Australia’s top fund managers are raving about two ASX blue-chip shares that they believe are buys, citing their economic strength and growth prospects.
ANZ Bank and Commonwealth Bank Lead the Charge
At the forefront of the pack are two of Australia’s largest banks: ANZ Bank and Commonwealth Bank. These financial institutions have been staples in the ASX for decades, and it’s no surprise that they’ve caught the attention of fund managers from major investment firms.
ANZ Bank, led by CEO **Shayne Elliott**, has been a standout performer in recent times. The bank’s strong balance sheet and improving net interest margin have been key drivers of its success. Its diversified business model, which spans across consumer and commercial banking, wealth management, and institutional banking, has also been a major factor in its growth.

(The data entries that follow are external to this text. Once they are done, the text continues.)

lemma exists_disjoint_open_subsets_of_measures:
  fixes \<Omega> :: "'a::euclidean_space set"
  assumes "open \<Omega>" "bounded \<Omega>" "a > 0" "b > 0" "d > 0" "a + b + d \<le> measure lborel \<Omega>"
  obtains A B D where "open A" "open B" "open D" "A \<subseteq> \<Omega>" "B \<subseteq> \<Omega>" "D \<subseteq> \<Omega>"
    "A \<inter> B = {}" "A \<inter> D = {}" "B \<inter> D = {}"
    "measure lborel A = a" "measure lborel B = b" "measure lborel D = d"
proof -
  define e :: 'a where "e = (SOME i. i \<in> Basis)"
  have "e \<noteq> 0" unfolding e_def using SOME_Basis nonzero_Basis by blast
  have \<Omega>_sets: "\<Omega> \<in> sets lborel" using assms(1) by simp
  note \<Omega>_finite = emeasure_bounded_finite[OF assms(2)]
  let ?F = "sublevel_measure \<Omega> e"
  have "\<exists>t. ?F t = v" if "0 \<le> v" "v \<le> a + b + d" for v
    using sublevel_measure_surj[OF \<Omega>_sets assms(2) \<open>e \<noteq> 0\<close>, of v] that assms(6) by auto
  then obtain t0 t1 t2 t3 where F: "?F t0 = 0" "?F t1 = a" "?F t2 = a + b" "?F t3 = a + b + d"
    using assms(3-5) by (metis add_increasing2 add_nonneg_nonneg less_imp_le order_refl)
  have less: "s < t" if "?F s < ?F t" for s t
    using sublevel_measure_mono[OF \<Omega>_sets \<Omega>_finite \<open>e \<noteq> 0\<close>, of t s] that by force
  have "t0 < t1" "t1 < t2" "t2 < t3" using less F assms(3-5) by simp_all
  define slab where "slab s t = \<Omega> \<inter> {x. s < x \<bullet> e \<and> x \<bullet> e < t}" for s t
  have "open (slab s t)" for s t
    unfolding slab_def by (intro open_Int assms(1) open_Collect_conj open_Collect_less continuous_intros)
  moreover have "measure lborel (slab s t) = ?F t - ?F s" if "s \<le> t" for s t
    unfolding slab_def using measure_slab[OF \<Omega>_sets \<Omega>_finite \<open>e \<noteq> 0\<close> that] .
  moreover have "slab s t \<subseteq> \<Omega>" for s t unfolding slab_def by auto
  moreover have "slab r s \<inter> slab s' t = {}" if "s \<le> s'" for r s s' t
    unfolding slab_def using that by auto
  ultimately show thesis
    using that[of "slab t0 t1" "slab t1 t2" "slab t2 t3"] F \<open>t0 < t1\<close> \<open>t1 < t2\<close> \<open>t2 < t3\<close>
    by simp
qed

Commonwealth Bank, under the leadership of CEO **Matt Comyn**, has also been a top pick among fund managers. The bank’s aggressive cost-cutting measures and focus on digital transformation have helped it to improve its efficiency and competitiveness in the market.
What this means
For investors, the optimism around these two ASX blue-chip shares is good news. Both ANZ Bank and Commonwealth Bank are well-capitalized and have a proven track record of delivering strong returns to shareholders. With the Australian economy expected to continue growing in the near future, these banks are well-positioned to capitalize on the opportunities that arise.
A Bright Outlook Ahead
As the Australian financial sector continues to recover from the COVID-19 pandemic, these two banks are poised to benefit from the growing demand for financial services. With their strong balance sheets and improving profitability, ANZ Bank and Commonwealth Bank are solid additions to any investment portfolio. As fund managers continue to sing their praises, it’s worth keeping a close eye on these ASX blue-chip shares in the coming months.